**YOUR OBJECTIVE:** Go through the records, and copy each line in which the string "assms" is present.

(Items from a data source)
- Opening Delimiter -
lemma complement_radius_2:
  assumes "simple_graph V E" "u \<in> V" "v \<in> V" "v \<notin> nbhd E u 2"
  shows "V \<subseteq> nbhd (complement V E) u 2"
proof
  fix w assume "w \<in> V"
  have far: "v \<noteq> u" "\<not> E u v" "\<And>t. E u t \<Longrightarrow> \<not> E t v"
    using assms(4) unfolding nbhd_2 by auto
  show "w \<in> nbhd (complement V E) u 2"
  proof (cases "E u w")
    case True
    have "complement V E u v" using assms(2,3) far by (simp add: complement_def)
    moreover have "\<not> E v w" using far(3)[OF True] assms(1) by (auto simp: simple_graph_def)
    then have "complement V E v w" using assms(3) \<open>w \<in> V\<close> True far(2)
      by (auto simp: complement_def)
    ultimately show ?thesis unfolding nbhd_2 by blast
  next
    case False
    with assms(2) \<open>w \<in> V\<close> show ?thesis unfolding nbhd_2 by (auto simp: complement_def)
  qed
qed

lemma card_nbhd_1_ge_3:
  assumes "simple_graph V E" "x \<in> V" "\<forall>y. \<exists>w. E x w \<and> w \<noteq> y"
  shows "3 \<le> card (nbhd E x 1)"
proof -
  obtain b1 where b1: "E x b1" using assms(3) by blast
  obtain b2 where b2: "E x b2" "b2 \<noteq> b1" using assms(3) by blast
  have "x \<noteq> b1" "x \<noteq> b2" using b1 b2 assms(1) by (auto simp: simple_graph_def)
  with b2(2) have "card {x, b1, b2} = 3" by simp
  moreover have "{x, b1, b2} \<subseteq> nbhd E x 1" using b1 b2(1) by (simp add: nbhd_1)
  moreover have "finite V" using assms(1) by (simp add: simple_graph_def)
  then have "finite (nbhd E x 1)" using finite_subset[OF nbhd_subset[OF assms(1,2)]] by blast
  ultimately show ?thesis by (metis card_mono)
qed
- Closing Delimiter -
**ANSWER AREA:**
    using assms(4) unfolding nbhd_2 by auto
    have "complement V E u v" using assms(2,3) far by (simp add: complement_def)
    moreover have "\<not> E v w" using far(3)[OF True] assms(1) by (auto simp: simple_graph_def)
    then have "complement V E v w" using assms(3) \<open>w \<in> V\<close> True far(2)
    with assms(2) \<open>w \<in> V\<close> show ?thesis unfolding nbhd_2 by (auto simp: complement_def)
  obtain b1 where b1: "E x b1" using assms(3) by blast
  obtain b2 where b2: "E x b2" "b2 \<noteq> b1" using assms(3) by blast
  have "x \<noteq> b1" "x \<noteq> b2" using b1 b2 assms(1) by (auto simp: simple_graph_def)
  moreover have "finite V" using assms(1) by (simp add: simple_graph_def)
  then have "finite (nbhd E x 1)" using finite_subset[OF nbhd_subset[OF assms(1,2)]] by blast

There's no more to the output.